In reply to by libcom.org

Submitted by Spikymike on January 28, 2021

I'm not familiar with the works of either Gabriel Teles or Nildo Viana and was intrigued to see this attempt to rehabilitate the terminology of 'Self-management' as an attachment to (and support of) Marx and Marxism in a text otherwise mostly intended to promote the significance of Council Communism and it's critique of Bolshevism on the back, in particular, of the experience of France 1968. The Situationists had a go at this with the phrase 'generalised self-management' in an attempt to distinguish it from the various versions restricted to the self-management of particular capitalist enterprises/workplaces. If the phrase is simply another way of referring to independent working class self-organisation I suppose that's ok but my understanding of how the terminology ended up being used by Castoriadis/Cardan and his influence on the UK Solidarity group then I think it's best avoided as a qualification to the words Marxism or communism.
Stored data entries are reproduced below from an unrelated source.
lemma fredholm_alternative_bit:
  fixes A :: "'i \<Rightarrow> 'j \<Rightarrow> bit"
  assumes "finite R" and "finite C" and "\<nexists>p. \<forall>i\<in>R. (\<Sum>j\<in>C. A i j * p j) = c i"
  shows "\<exists>y. (\<forall>j\<in>C. (\<Sum>i\<in>R. y i * A i j) = 0) \<and> (\<Sum>i\<in>R. y i * c i) = 1"
  using assms(2,3)
proof (induction C arbitrary: c rule: finite_induct)
  case empty
  then obtain i where "i \<in> R" "c i = 1"
    by auto
  then have "(\<Sum>i'\<in>R. (if i' = i then 1 else 0) * c i') = 1"
    using \<open>finite R\<close> by (simp add: if_distrib[of "\<lambda>z. z * _"] cong: if_cong)
  then show ?case
    by auto
next
  case (insert j C)
  have unsolvable: "\<nexists>p. \<forall>i\<in>R. (\<Sum>k\<in>C. A i k * p k) = c i + t * A i j" for t
  proof
    assume "\<exists>p. \<forall>i\<in>R. (\<Sum>k\<in>C. A i k * p k) = c i + t * A i j"
    then obtain p where "\<forall>i\<in>R. (\<Sum>k\<in>C. A i k * p k) = c i + t * A i j"
      by blast
    then have "\<forall>i\<in>R. (\<Sum>k\<in>insert j C. A i k * (if k = j then t else p k)) = c i"
      using insert.hyps by (simp add: sum_mult_if_notin algebra_simps)
    then have "\<exists>p. \<forall>i\<in>R. (\<Sum>k\<in>insert j C. A i k * p k) = c i"
      by (intro exI[of _ "\<lambda>k. if k = j then t else p k"])
    with insert.prems show False
      by blast
  qed
  obtain y1 where y1: "\<forall>k\<in>C. (\<Sum>i\<in>R. y1 i * A i k) = 0" "(\<Sum>i\<in>R. y1 i * c i) = 1"
    using insert.IH[of c] unsolvable[of 0] by auto
  obtain y2 where y2: "\<forall>k\<in>C. (\<Sum>i\<in>R. y2 i * A i k) = 0" "(\<Sum>i\<in>R. y2 i * (c i + A i j)) = 1"
    using insert.IH[of "\<lambda>i. c i + A i j"] unsolvable[of 1] by auto
  have y2c: "(\<Sum>i\<in>R. y2 i * c i) = 1 + (\<Sum>i\<in>R. y2 i * A i j)"
    using y2(2) by (simp add: distrib_left sum.distrib bit_add_eq_iff)
  consider "(\<Sum>i\<in>R. y1 i * A i j) = 0" | "(\<Sum>i\<in>R. y2 i * A i j) = 0"
    | "(\<Sum>i\<in>R. y1 i * A i j) = 1" "(\<Sum>i\<in>R. y2 i * A i j) = 1"
    by (cases "\<Sum>i\<in>R. y1 i * A i j"; cases "\<Sum>i\<in>R. y2 i * A i j") auto
  then show ?case
  proof cases
    case 1
    then show ?thesis using y1 by auto
  next
    case 2
    then show ?thesis using y2(1) y2c by auto
  next
    case 3
    \<comment> \<open>the two certificates fail only at column \<open>j\<close>, so their sum works\<close>
    then have "(\<forall>k\<in>insert j C. (\<Sum>i\<in>R. (y1 i + y2 i) * A i k) = 0) \<and> (\<Sum>i\<in>R. (y1 i + y2 i) * c i) = 1"
      using y1 y2(1) y2c by (simp add: distrib_right sum.distrib)
    then show ?thesis
      by (intro exI[of _ "\<lambda>i. y1 i + y2 i"])
  qed
qed

lemma sgraph_finite: "sgraph V E \<Longrightarrow> finite V"
  by (simp add: sgraph_def)

lemma sgraph_sym: "sgraph V E \<Longrightarrow> E x y \<Longrightarrow> E y x"
  by (simp add: sgraph_def)

lemma restr_patterns [simp]: "restr A s \<in> patterns A"
  by (simp add: restr_def patterns_def)

lemma sum_null_mult_eq_0:
  assumes G: "sgraph V E" and l: "l \<in> null_patterns V E" and q: "solves V E q c"
  shows "(\<Sum>v\<in>V. l v * c v) = 0"
proof -
  have "(\<Sum>v\<in>V. l v * c v) = (\<Sum>v\<in>V. l v * Nmul V E q v)"
    using q by (intro sum.cong refl) (simp add: solves_def)
  also have "\<dots> = (\<Sum>v\<in>V. Nmul V E l v * q v)"
    using G by (intro sum_mult_Nmul_commute) (rule sgraph_sym)
  also have "\<dots> = 0"
    using l by (simp add: null_patterns_def solves_def)
  finally show ?thesis .
qed

lemma solvable_iff_orthogonal_null:
  assumes G: "sgraph V E"
  shows "(\<exists>p. solves V E p c) \<longleftrightarrow> (\<forall>l\<in>null_patterns V E. (\<Sum>v\<in>V. l v * c v) = 0)"
proof
  show "\<exists>p. solves V E p c \<Longrightarrow> \<forall>l\<in>null_patterns V E. (\<Sum>v\<in>V. l v * c v) = 0"
    using sum_null_mult_eq_0[OF G] by blast
next
  assume orth: "\<forall>l\<in>null_patterns V E. (\<Sum>v\<in>V. l v * c v) = 0"
  show "\<exists>p. solves V E p c"
  proof (rule ccontr)
    assume unsolvable: "\<nexists>p. solves V E p c"
    define A where "A i j = (if j = i \<or> E i j then 1 else 0 :: bit)" for i j
    have "Nmul V E (restr V p) i = (\<Sum>j\<in>V. A i j * p j)" for p i
      unfolding Nmul_def A_def restr_def by (intro sum.cong refl) auto
    then have "solves V E (restr V p) c" if "\<forall>i\<in>V. (\<Sum>j\<in>V. A i j * p j) = c i" for p
      using that by (simp add: solves_def)
    then have "\<nexists>p. \<forall>i\<in>V. (\<Sum>j\<in>V. A i j * p j) = c i"
      using unsolvable by blast
    then obtain y where y: "\<forall>j\<in>V. (\<Sum>i\<in>V. y i * A i j) = 0" "(\<Sum>i\<in>V. y i * c i) = 1"
      using fredholm_alternative_bit sgraph_finite[OF G] by blast
    have "Nmul V E (restr V y) j = (\<Sum>i\<in>V. y i * A i j)" for j
      using G unfolding Nmul_def A_def restr_def sgraph_def by (intro sum.cong refl) auto
    then have "restr V y \<in> null_patterns V E"
      using y(1) by (simp add: null_patterns_def solves_def restr_def patterns_def)
    then have "(\<Sum>v\<in>V. restr V y v * c v) = 0"
      using orth by blast
    then show False
      using y(2) by (simp add: restr_def)
  qed
qed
I'm not sure in fact that this text gets much further in advancing beyond the theoretical limitations of historic Council Communism without delving much deeper into the nature of the Value form in modern day capitalism? I think Dauve seems to have got a better grip on that. With those qualifications the text make some good points and should perhaps be better tagged with the other material on libcom under 'Council Communism' rather the 'self-management' label.